Collected data entries
* * *
(* For every positive integer $n$, let $\mathrm{PF}_n(321)$ denote the set of parking functions $p=(p_1,\dots,p_n)$ of length $n$ that avoid $321$ as a word, i.e. for which there are no indices $i_1<i_2<i_3$ with $p_{i_1}>p_{i_2}>p_{i_3}$. Let $w_{n,n+1}(321)$ denote the number of words $w_1w_2\cdots w_n$ with all $w_i\in[n+1]$ for which there are no indices $i_1<i_2<i_3$ with $w_{i_1}>w_{i_2}>w_{i_3}$. Then \[|\mathrm{PF}_n(321)| = \frac{1}{n+1}\, w_{n,n+1}(321).\]
   Context: $[n]=\{1,2,\dots,n\}$. A tuple $p=(p_1,\dots,p_n)\in[n]^n$ is a parking function of length $n$ if its weakly increasing rearrangement $(p'_1,\dots,p'_n)$ satisfies $p'_i\le i$ for all $i\in[n]$. *)

theory Defs
  imports Complex_Main
begin

definition avoids_321 :: "nat list \<Rightarrow> bool" where
  "avoids_321 w \<longleftrightarrow> \<not> (\<exists>i1 i2 i3. i1 < i2 \<and> i2 < i3 \<and> i3 < length w \<and>
      w ! i1 > w ! i2 \<and> w ! i2 > w ! i3)"

(* p in [n]^n whose weakly increasing rearrangement p' satisfies p'_i <= i (1-indexed) *)
definition parking_function :: "nat \<Rightarrow> nat list \<Rightarrow> bool" where
  "parking_function n p \<longleftrightarrow> length p = n \<and> set p \<subseteq> {1..n} \<and>
      (\<forall>i < n. sort p ! i \<le> i + 1)"

definition PF_321 :: "nat \<Rightarrow> nat list set" where
  "PF_321 n = {p. parking_function n p \<and> avoids_321 p}"

definition words_321 :: "nat \<Rightarrow> nat \<Rightarrow> nat list set" where
  "words_321 n k = {w. length w = n \<and> set w \<subseteq> {1..k} \<and> avoids_321 w}"

end

theory Submission
  imports Defs "HOL-Library.Multiset" "HOL-Combinatorics.Transposition"
begin

(* For a \<ge> 1 there is a Bender-Knuth type involution bk_swap a on 321-avoiding words that
   exchanges the multiplicities of the letters a and a + 1. The occurrences of a, a + 1 that are
   followed by a letter smaller than a, and those preceded by a letter larger than a + 1, form two
   weakly increasing subsequences (a decrease inside either would complete a 321); each of them is
   re-sorted with the two multiplicities exchanged, and every other a or a + 1 is simply replaced
   by the other letter. Composing these moves for a = n, ..., 1 gives a permutation rho of the
   321-avoiding words over [n + 1] that shifts the content cyclically by one.
   Being a parking function depends only on the content, and by Pollak's cyclic lemma exactly one
   of the n + 1 cyclic shifts of a word of length n over [n + 1] is a parking function. Hence
   (p, j) \<mapsto> rho^j p is a bijection from PF_n(321) \<times> [n + 1] onto the words. *)

section \<open>Re-sorting a two-letter labelling\<close>

lemma card_rank_less:
  fixes S :: "nat set"
  assumes "finite S"
  shows "card {p\<in>S. card {q\<in>S. q < p} < s} = min s (card S)"
  using assms
proof (induction S rule: finite_linorder_max_induct)
  case empty
  then show ?case by simp
next
  case (insert b A)
  have "b \<notin> A"
    using insert.hyps by auto
  have rank_b: "{q\<in>insert b A. q < b} = A"
    using insert.hyps by auto
  have rank_A: "card {q\<in>insert b A. q < p} = card {q\<in>A. q < p}" if "p \<in> A" for p
  proof -
    have "{q\<in>insert b A. q < p} = {q\<in>A. q < p}"
      using insert.hyps that by auto
    then show ?thesis by simp
  qed
  have split: "{p\<in>insert b A. card {q\<in>insert b A. q < p} < s}
      = {p\<in>A. card {q\<in>A. q < p} < s} \<union> (if card A < s then {b} else {})"
  proof (rule set_eqI)
    fix p
    show "p \<in> {p\<in>insert b A. card {q\<in>insert b A. q < p} < s} \<longleftrightarrow>
        p \<in> {p\<in>A. card {q\<in>A. q < p} < s} \<union> (if card A < s then {b} else {})"
    proof (cases "p = b")
      case True
      then show ?thesis
        using rank_b \<open>b \<notin> A\<close> by simp
    next
      case False
      then show ?thesis
        using rank_A[of p] by auto
    qed
  qed
  have "card {p\<in>insert b A. card {q\<in>insert b A. q < p} < s}
      = card {p\<in>A. card {q\<in>A. q < p} < s} + (if card A < s then 1 else 0)"
    unfolding split using \<open>b \<notin> A\<close> insert.hyps(1) by (subst card_Un_disjoint) auto
  also have "\<dots> = min s (card (insert b A))"
    using insert.IH \<open>b \<notin> A\<close> insert.hyps(1) by auto
  finally show ?case .
qed

lemma mem_down_closed_iff_rank:
  fixes S X :: "nat set"
  assumes "finite S" and "X \<subseteq> S" and down: "\<And>p q. p \<in> S \<Longrightarrow> q \<in> X \<Longrightarrow> p < q \<Longrightarrow> p \<in> X"
    and "p \<in> S"
  shows "p \<in> X \<longleftrightarrow> card {q\<in>S. q < p} < card X"
proof
  assume "p \<in> X"
  have "finite X"
    using assms(1,2) finite_subset by blast
  have "{q\<in>S. q < p} \<subseteq> X - {p}"
    using down \<open>p \<in> X\<close> by auto
  then have "card {q\<in>S. q < p} \<le> card (X - {p})"
    using \<open>finite X\<close> by (intro card_mono) auto
  also have "\<dots> < card X"
    using \<open>finite X\<close> \<open>p \<in> X\<close> by (rule card_Diff1_less)
  finally show "card {q\<in>S. q < p} < card X" .
next
  assume rank: "card {q\<in>S. q < p} < card X"
  show "p \<in> X"
  proof (rule ccontr)
    assume "p \<notin> X"
    then have "X \<subseteq> {q\<in>S. q < p}"
      using down assms(2,4) by (fastforce simp: not_less_iff_gr_or_eq)
    then have "card X \<le> card {q\<in>S. q < p}"
      using assms(1) by (intro card_mono) auto
    with rank show False by simp
  qed
qed

definition sorted_swap :: "nat \<Rightarrow> nat set \<Rightarrow> (nat \<Rightarrow> nat) \<Rightarrow> nat \<Rightarrow> nat" where
  "sorted_swap a S f p = (if card {q\<in>S. q < p} < card {q\<in>S. f q = Suc a} then a else Suc a)"

lemma sorted_swap_cong:
  assumes "\<And>q. q \<in> S \<Longrightarrow> f q = g q"
  shows "sorted_swap a S f = sorted_swap a S g"
proof -
  have "{q\<in>S. f q = Suc a} = {q\<in>S. g q = Suc a}"
    using assms by auto
  then show ?thesis
    unfolding sorted_swap_def by simp
qed

lemma sorted_swap_in: "sorted_swap a S f p \<in> {a, Suc a}"
  unfolding sorted_swap_def by auto

lemma mono_on_sorted_swap:
  assumes "finite S"
  shows "mono_on S (sorted_swap a S f)"
proof (rule mono_onI)
  fix p q assume "p \<in> S" "q \<in> S" "p \<le> q"
  then have "card {r\<in>S. r < p} \<le> card {r\<in>S. r < q}"
    using assms by (intro card_mono) auto
  then show "sorted_swap a S f p \<le> sorted_swap a S f q"
    unfolding sorted_swap_def by auto
qed

lemma card_sorted_swap:
  assumes "finite S" and vals: "\<forall>p\<in>S. f p \<in> {a, Suc a}"
  shows "card {p\<in>S. sorted_swap a S f p = a} = card {p\<in>S. f p = Suc a}"
    and "card {p\<in>S. sorted_swap a S f p = Suc a} = card {p\<in>S. f p = a}"
proof -
  have "card {q\<in>S. f q = Suc a} \<le> card S"
    using assms(1) by (intro card_mono) auto
  moreover have "{p\<in>S. sorted_swap a S f p = a} = {p\<in>S. card {q\<in>S. q < p} < card {q\<in>S. f q = Suc a}}"
    unfolding sorted_swap_def by auto
  ultimately show low: "card {p\<in>S. sorted_swap a S f p = a} = card {p\<in>S. f p = Suc a}"
    using card_rank_less[OF assms(1)] by simp
  have "{p\<in>S. sorted_swap a S f p = Suc a} = S - {p\<in>S. sorted_swap a S f p = a}"
    and "{p\<in>S. f p = a} = S - {p\<in>S. f p = Suc a}"
    using sorted_swap_in[of a S f] vals by auto
  then show "card {p\<in>S. sorted_swap a S f p = Suc a} = card {p\<in>S. f p = a}"
    using low assms(1) by (simp add: card_Diff_subset)
qed

lemma sorted_swap_sorted_swap:
  assumes "finite S" and vals: "\<forall>p\<in>S. f p \<in> {a, Suc a}" and "mono_on S f" and "p \<in> S"
  shows "sorted_swap a S (sorted_swap a S f) p = f p"
proof -
  let ?X = "{q\<in>S. f q = a}"
  have "\<And>p q. p \<in> S \<Longrightarrow> q \<in> ?X \<Longrightarrow> p < q \<Longrightarrow> p \<in> ?X"
    using vals \<open>mono_on S f\<close> by (fastforce dest: mono_onD)
  then have "f p = a \<longleftrightarrow> card {q\<in>S. q < p} < card ?X"
    using mem_down_closed_iff_rank[OF assms(1), of ?X p] \<open>p \<in> S\<close> by auto
  then show ?thesis
    unfolding sorted_swap_def[of a S "sorted_swap a S f"] card_sorted_swap(2)[OF assms(1) vals]
    using vals \<open>p \<in> S\<close> by auto
qed

lemma count_image_mset_mset_set:
  "finite S \<Longrightarrow> count (image_mset g (mset_set S)) y = card {p\<in>S. g p = y}"
proof (induction S rule: finite_induct)
  case (insert x F)
  have "{p\<in>insert x F. g p = y} = (if g x = y then insert x {p\<in>F. g p = y} else {p\<in>F. g p = y})"
    by auto
  then show ?case
    using insert by simp
qed simp

lemma image_mset_sorted_swap:
  assumes "finite S" and vals: "\<forall>p\<in>S. f p \<in> {a, Suc a}"
  shows "image_mset (sorted_swap a S f) (mset_set S) = image_mset (transpose a (Suc a) \<circ> f) (mset_set S)"
proof (rule multiset_eqI)
  fix y
  have "card {p\<in>S. sorted_swap a S f p = y} = card {p\<in>S. f p = transpose a (Suc a) y}"
  proof (cases "y \<in> {a, Suc a}")
    case True
    then show ?thesis
      using card_sorted_swap[OF assms] by auto
  next
    case False
    then have "{p\<in>S. sorted_swap a S f p = y} = {}" and "{p\<in>S. f p = transpose a (Suc a) y} = {}"
      using sorted_swap_in[of a S f] vals by auto
    then show ?thesis
      by (simp only: card.empty)
  qed
  also have "\<dots> = card {p\<in>S. transpose a (Suc a) (f p) = y}"
    by (metis transpose_involutory)
  finally show "count (image_mset (sorted_swap a S f) (mset_set S)) y
      = count (image_mset (transpose a (Suc a) \<circ> f) (mset_set S)) y"
    using assms(1) by (simp add: count_image_mset_mset_set)
qed

section \<open>A content-swapping involution on 321-avoiding words\<close>

definition before_smaller :: "nat \<Rightarrow> nat list \<Rightarrow> nat set" where
  "before_smaller a w =
     {p. p < length w \<and> w ! p \<in> {a, Suc a} \<and> (\<exists>q. p < q \<and> q < length w \<and> w ! q < a)}"

(* For 321-avoiding words the subtraction is vacuous; it keeps the two blocks disjoint in general. *)
definition after_larger :: "nat \<Rightarrow> nat list \<Rightarrow> nat set" where
  "after_larger a w =
     {p. p < length w \<and> w ! p \<in> {a, Suc a} \<and> (\<exists>q<p. Suc a < w ! q)} - before_smaller a w"

definition bk_swap :: "nat \<Rightarrow> nat list \<Rightarrow> nat list" where
  "bk_swap a w = map (\<lambda>p.
     if p \<in> before_smaller a w then sorted_swap a (before_smaller a w) ((!) w) p
     else if p \<in> after_larger a w then sorted_swap a (after_larger a w) ((!) w) p
     else transpose a (Suc a) (w ! p)) [0..<length w]"

lemma length_bk_swap [simp]: "length (bk_swap a w) = length w"
  by (simp add: bk_swap_def)

lemma finite_before_smaller: "finite (before_smaller a w)"
  by (rule finite_subset[of _ "{..<length w}"]) (auto simp: before_smaller_def)

lemma finite_after_larger: "finite (after_larger a w)"
  by (rule finite_subset[of _ "{..<length w}"]) (auto simp: after_larger_def)

lemma nth_bk_swap_before_smaller:
  assumes "p \<in> before_smaller a w"
  shows "bk_swap a w ! p = sorted_swap a (before_smaller a w) ((!) w) p"
proof -
  have "p < length w"
    using assms by (simp add: before_smaller_def)
  then show ?thesis
    using assms by (simp add: bk_swap_def)
qed

lemma nth_bk_swap_after_larger:
  assumes "p \<in> after_larger a w"
  shows "bk_swap a w ! p = sorted_swap a (after_larger a w) ((!) w) p"
proof -
  have "p < length w" "p \<notin> before_smaller a w"
    using assms by (simp_all add: after_larger_def)
  then show ?thesis
    using assms by (simp add: bk_swap_def)
qed

lemma nth_bk_swap_other:
  "p < length w \<Longrightarrow> p \<notin> before_smaller a w \<Longrightarrow> p \<notin> after_larger a w
    \<Longrightarrow> bk_swap a w ! p = transpose a (Suc a) (w ! p)"
  by (simp add: bk_swap_def)

lemma nth_bk_swap_cases:
  assumes "p < length w"
  shows "w ! p \<in> {a, Suc a} \<and> bk_swap a w ! p \<in> {a, Suc a} \<or> w ! p \<notin> {a, Suc a} \<and> bk_swap a w ! p = w ! p"
proof (cases "w ! p \<in> {a, Suc a}")
  case True
  have "bk_swap a w ! p \<in> {a, Suc a}"
  proof (cases "p \<in> before_smaller a w \<or> p \<in> after_larger a w")
    case True
    then show ?thesis
      using sorted_swap_in nth_bk_swap_before_smaller nth_bk_swap_after_larger by metis
  next
    case False
    then show ?thesis
      using \<open>w ! p \<in> {a, Suc a}\<close> assms nth_bk_swap_other by auto
  qed
  with True show ?thesis
    by simp
next
  case False
  then have "p \<notin> before_smaller a w" "p \<notin> after_larger a w"
    by (auto simp: before_smaller_def after_larger_def)
  then show ?thesis
    using False assms nth_bk_swap_other by simp
qed

lemma nth_bk_swap_less_iff:
  assumes "i < length w" "j < length w" "\<not> (w ! i \<in> {a, Suc a} \<and> w ! j \<in> {a, Suc a})"
  shows "bk_swap a w ! i < bk_swap a w ! j \<longleftrightarrow> w ! i < w ! j"
  using nth_bk_swap_cases[OF assms(1), of a] nth_bk_swap_cases[OF assms(2), of a] assms(3) by auto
* * *
Instructions to follow:
Look over the records above and filter for each line with the word "vals".

Solution to this task:
  assumes "finite S" and vals: "\<forall>p\<in>S. f p \<in> {a, Suc a}"
    using sorted_swap_in[of a S f] vals by auto
  assumes "finite S" and vals: "\<forall>p\<in>S. f p \<in> {a, Suc a}" and "mono_on S f" and "p \<in> S"
    using vals \<open>mono_on S f\<close> by (fastforce dest: mono_onD)
    unfolding sorted_swap_def[of a S "sorted_swap a S f"] card_sorted_swap(2)[OF assms(1) vals]
    using vals \<open>p \<in> S\<close> by auto
  assumes "finite S" and vals: "\<forall>p\<in>S. f p \<in> {a, Suc a}"
      using sorted_swap_in[of a S f] vals by auto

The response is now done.